I don’t guess the folks that live down the road know that Augusta Jill has got this contraption. Every night after the lights are turned off and that woman of mine gets up and starts playing that scary music, traffic picks up in front of the house. I believe they think that there’s some kind of spirit that has moved in with us. They sure have been giving us some real peculiar looks lately when they pass the house.
Cousin Penrod, I don’t know what I’m going to do. Augusta Jill said that just as soon as she got where she could play that plank-looking thing real good, she was going to get that fat sister of hers, Gussie Lou, to start learning how to sing. Then they might form them a nightclub act. Can you imagine that? Well, one thing for sure, that nightclub would break all records in booze sales – everybody would have to get falling down in the floor drunk so they could put up with their entertaining act.
I’ve been giving it some thought. I might just come down there and stay with you in that Cajun country for a while. I’m not going to be able to start plowing for a while anyway. My old mules are so nervous from that crazy music that Augusta Jill has been making until I can’t get the harness on them.
He’s got the nervous shakes real bad. I thought that I would mention me coming down there, Cousin Penrod. I just hope Augusta Jill and Gussie Lou don’t decide to want to learn that funny Cajun music; just ain’t no reason to ruin two good homes.
Well Cousin Penrod, I’m going to have to stop for now. I see Augusta Jill and Gussie Lou coming out toward the barn. That’s where I’m at. I came out here where I thought I might get a few minutes peace while I was writing you about my troubles.

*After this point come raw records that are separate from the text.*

theorem proposition5:
  fixes MX :: "'x measure"
    and \<rho> :: "('x \<times> 'y::{finite,linorder}) measure"
    and \<phi> :: "'y \<Rightarrow> real ^ 'p"
    and L :: "'y \<Rightarrow> 'y \<Rightarrow> real"
    and V :: "real ^ 'p ^ 'p" and b :: "real ^ 'p" and c :: "'y \<Rightarrow> real"
    and \<Psi> :: "real ^ 'p \<Rightarrow> ereal"
    and N :: "real ^ 'p \<Rightarrow> real"
    and C :: "(real ^ 'p) set"
    and \<beta> :: real
    and g :: "'x \<Rightarrow> real ^ 'p"
  assumes rho: "prob_space \<rho>" "sets \<rho> = sets (MX \<Otimes>\<^sub>M count_space UNIV)"
    and L_nonneg: "\<And>y' y. 0 \<le> L y' y"
    and L_affine: "\<And>y' y. L y' y = \<phi> y' \<bullet> (V *v \<phi> y + b) + c y"
    and legendre: "legendre_type \<Psi>"
    and norm: "is_norm N"
    and beta: "\<beta> > 0"
    and strong: "strongly_convex_over \<beta> N C \<Psi>"
    and C: "closed C" "convex C" "range \<phi> \<subseteq> C" "C \<subseteq> edom \<Psi>"
    and sigma: "(SUP y. dual_norm N (transpose V *v \<phi> y)) > 0"
    and g: "g \<in> borel_measurable MX"
  shows "ennreal ((excess_target_risk MX \<rho> L (decode \<phi> V b \<circ> proj_layer \<Psi> C \<circ> g))\<^sup>2
            / (8 * \<beta> * (SUP y. dual_norm N (transpose V *v \<phi> y))\<^sup>2))
         \<le> excess_surrogate_risk MX \<rho> \<Psi> C \<phi> g"
proof -
  have "proper_closed_convex \<Psi>" using legendre by (simp add: legendre_type_def)
  then interpret affine_decoding_setting \<Psi> N C \<beta> MX \<rho> \<phi> V b c L
    using norm beta strong C rho L_nonneg L_affine
    by (intro affine_decoding_setting.intro strongly_convex_conjugate.intro
        label_disintegration.intro affine_decoding_setting_axioms.intro)
      (auto simp: proper_closed_convex_def)
  have "dual_norm N (transpose V *v \<phi> y) \<le> (SUP y. dual_norm N (transpose V *v \<phi> y))" for y
    by (rule cSUP_upper) simp_all
  from excess_target_risk_sq_le_excess_surrogate_risk[OF g sigma this]
  show ?thesis by (simp add: comp_def proj_layer_eq_conj_argmax)
qed

end
(* Under the standing assumptions below, let $k\in\{0,\dots,n-1\}$ and $I(x_{k+1})=\{c_1,\dots,c_m\}$ with $c_1\prec\dots\prec c_m$. For every $j\le m$ and every $a:\mathrm{var}(c_j)\setminus X_k\to D$ such that all denominators below are nonzero, $$\prod_{i=1}^{j}\frac{w(I_k(c_i),a)}{w(I_k(c_i)\setminus\{c_i\},a)}=\frac{w(I_{k+1}(c_j),a)}{w(I_{k+1}(c_j)\setminus\{c_1,\dots,c_j\},a)}.$$
   Context: Standing assumptions: $I$ is a finite set of weighted constraints with default values on a finite domain $D$ (a constraint $c$ on variables $\mathrm{var}(c)$ is a pair $(f,\delta)$, $f:S\to\mathbb Q_{\ge0}$, $S\subseteq D^{\mathrm{var}(c)}$, $\delta\in\mathbb Q_{\ge0}$, inducing $c(a)=f(a)$ on $S$ and $\delta$ elsewhere) such that distinct constraints have distinct variable sets, $\mathcal H(I)=(\mathrm{var}(I),\{\mathrm{var}(c)\mid c\in I\})$ is $\beta$-acyclic, and $(x_1,\dots,x_n)$ is a $\beta$-elimination order of $\mathcal H(I)$ (an enumeration of $\mathrm{var}(I)$ such that for each $k$, $x_{k+1}$ is a nest point—the edges containing it are totally ordered by inclusion—of the hypergraph with vertices $\mathrm{var}(I)\setminus X_k$ and edges $\{e\setminus X_k\}\setminus\{\emptyset\}$). $X_k=\{x_1,\dots,x_k\}$. For $c,d\in I$: $c\prec d$ iff there is $k$ with $\mathrm{var}(c)\setminus X_k\subsetneq\mathrm{var}(d)\setminus X_k$; $c\preceq d$ iff $c\prec d$ or $c=d$. $\prec_0=\emptyset$; $c\prec_{k+1}d$ iff $c\prec_k d$ or there is $e\in I$ with $c\preceq_k e\prec d$ and $x_{k+1}\in\mathrm{var}(d)\cap\mathrm{var}(e)$; $c\preceq_k d$ iff $c=d$ or $c\prec_k d$. $I_k(c)=\{d\in I\mid d\preceq_k c\}$; $I(x)=\{c\in I\mid x\in\mathrm{var}(c)\}$. For $J\subseteq I$ and $a\in D^W$: $w(J,a)=\sum_{b\in D^{\mathrm{var}(J)},\,b\text{ agrees with }a\text{ on }W\cap\mathrm{var}(J)}\prod_{c\in J}c(b|_{\mathrm{var}(c)})$, with $w(\emptyset,a)=1$. *)

theory Defs
  imports Complex_Main "HOL-Library.FuncSet"
begin
(* Fix $a\in(0,2)$ and $\alpha\in[0,1]$, and let $\varepsilon=n^{-a}$. Let $S,S'\in\mathcal{O}^{\varepsilon,2}_{\alpha N}$ and let $\mathbf{S}$ have distribution $\mathbb{R}(n,\alpha N)$. Then \[ \frac{\Pr(\mathbf{S}=S)}{\Pr(\mathbf{S}=S')}\le\exp\left(O\left(n^{2-a}\right)\right). \]
   Context: Throughout, $n\equiv1$ or $3\pmod 6$, $N=\binom n2/3$, $\alpha N$ is treated as an integer, and asymptotics are as $n\to\infty$. A partial system is a 3-uniform hypergraph on $[n]$ in which every pair lies in at most one hyperedge; $\mathcal{O}_m$ is the set of ordered partial systems with $m$ hyperedges and $S_i$ the first $i$ hyperedges of $S$. $G(S)$ is the graph on $[n]$ of pairs not covered by hyperedges of $S$. For a graph $G$ with $n$ vertices and $m$ edges, $d(G)=m/\binom n2$, and $G$ is $(\varepsilon,h)$-quasirandom if every set $A$ of at most $h$ vertices satisfies $\left|\bigcap_{w\in A}N_G(w)\right|=(1\pm\varepsilon)d(G)^{|A|}n$. $\mathcal{O}^{\varepsilon,h}_m$ is the set of $S\in\mathcal{O}_m$ with $G(S_i)$ $(\varepsilon,h)$-quasirandom for all $i\le m$. The triangle removal process starts from $K_n$ and repeatedly removes the edges of a uniformly random triangle of the current graph; $\mathbb{R}(n,m)$ is the distribution of the ordered sequence of the first $m$ removed triangles (an element of $\mathcal{O}_m$), or the symbol $*$ if the process runs out of triangles before $m$ steps. *)

theory Defs
  imports "HOL-Probability.Probability"
begin

definition pairs_of :: "nat set \<Rightarrow> nat set set" where
  "pairs_of T = {e. e \<subseteq> T \<and> card e = 2}"

definition Nsys :: "nat \<Rightarrow> nat" where
  "Nsys n = (n choose 2) div 3"

definition ordered_systems :: "nat \<Rightarrow> nat \<Rightarrow> nat set list set" where
  "ordered_systems n m = {S. length S = m
      \<and> (\<forall>i<m. S ! i \<subseteq> {1..n} \<and> card (S ! i) = 3)
      \<and> (\<forall>i<m. \<forall>j<m. i \<noteq> j \<longrightarrow> card (S ! i \<inter> S ! j) \<le> 1)}"

definition uncovered :: "nat \<Rightarrow> nat set list \<Rightarrow> nat set set" where
  "uncovered n S = pairs_of {1..n} - (\<Union>T\<in>set S. pairs_of T)"

definition density :: "nat \<Rightarrow> nat set set \<Rightarrow> real" where
  "density n G = real (card G) / real (n choose 2)"

definition common_nbhd :: "nat \<Rightarrow> nat set set \<Rightarrow> nat set \<Rightarrow> nat set" where
  "common_nbhd n G A = {v \<in> {1..n}. \<forall>w\<in>A. {v, w} \<in> G}"

definition quasirandom :: "nat \<Rightarrow> real \<Rightarrow> nat \<Rightarrow> nat set set \<Rightarrow> bool" where
  "quasirandom n eps h G \<longleftrightarrow>
     (\<forall>A. A \<subseteq> {1..n} \<and> card A \<le> h \<longrightarrow>
        (1 - eps) * density n G ^ card A * real n \<le> real (card (common_nbhd n G A)) \<and>
        real (card (common_nbhd n G A)) \<le> (1 + eps) * density n G ^ card A * real n)"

You wouldn’t believe it, Cousin Penrod. All the chickens and cats and that crazy mule are high tailing it across the pasture. They must have seen them two big women coming across the yard – Augusta Jill with that plank-looking thing under her arm, and Gussie Lou wearing some of them blood red dancing tights. Ole Blue just passed the barn door in a dead run. I think I’ll go with him. Bye…
(Singleton, the author of the 1991 book “Of Foxfire and Phantom Soldiers,” passed away at the age of 79 on July 19, 2007. A longtime resident of Monroeville, he was born to Vincent William Singleton and Frances Cornelia Faile Singleton, during a late-night thunderstorm, on Dec. 14, 1927 in Marengo County, graduated from Sweet Water High School in 1946, served as a U.S. Marine paratrooper in the Korean War, worked as a riverboat deckhand, lived for a time among Apache Indians, was bitten at least twice by venomous snakes, moved to Monroe County on June 28, 1964 and served as the administrator of the Monroeville National Guard unit from June 28, 1964 to Dec. 14, 1987. He was promoted from the enlisted ranks to warrant officer in May 1972. For years, Singleton’s columns, titled “Monroe County history – Did you know?” and “Somewhere in Time” appeared in The Monroe Journal, and he wrote a lengthy series of articles about Monroe County that appeared in Alabama Life magazine. It’s believed that his first column appeared in the March 25, 1971 edition of The Monroe Journal. He also helped organize the Monroe County Museum and Historical Society and was also a past president of that organization. He is buried in Pineville Cemetery in Monroeville. The column above and all of Singleton’s other columns are available to the public through the microfilm records at the Monroe County Public Library in Monroeville. Singleton’s columns are presented here each week for research and scholarship purposes and as part of an effort to keep his work and memory alive.)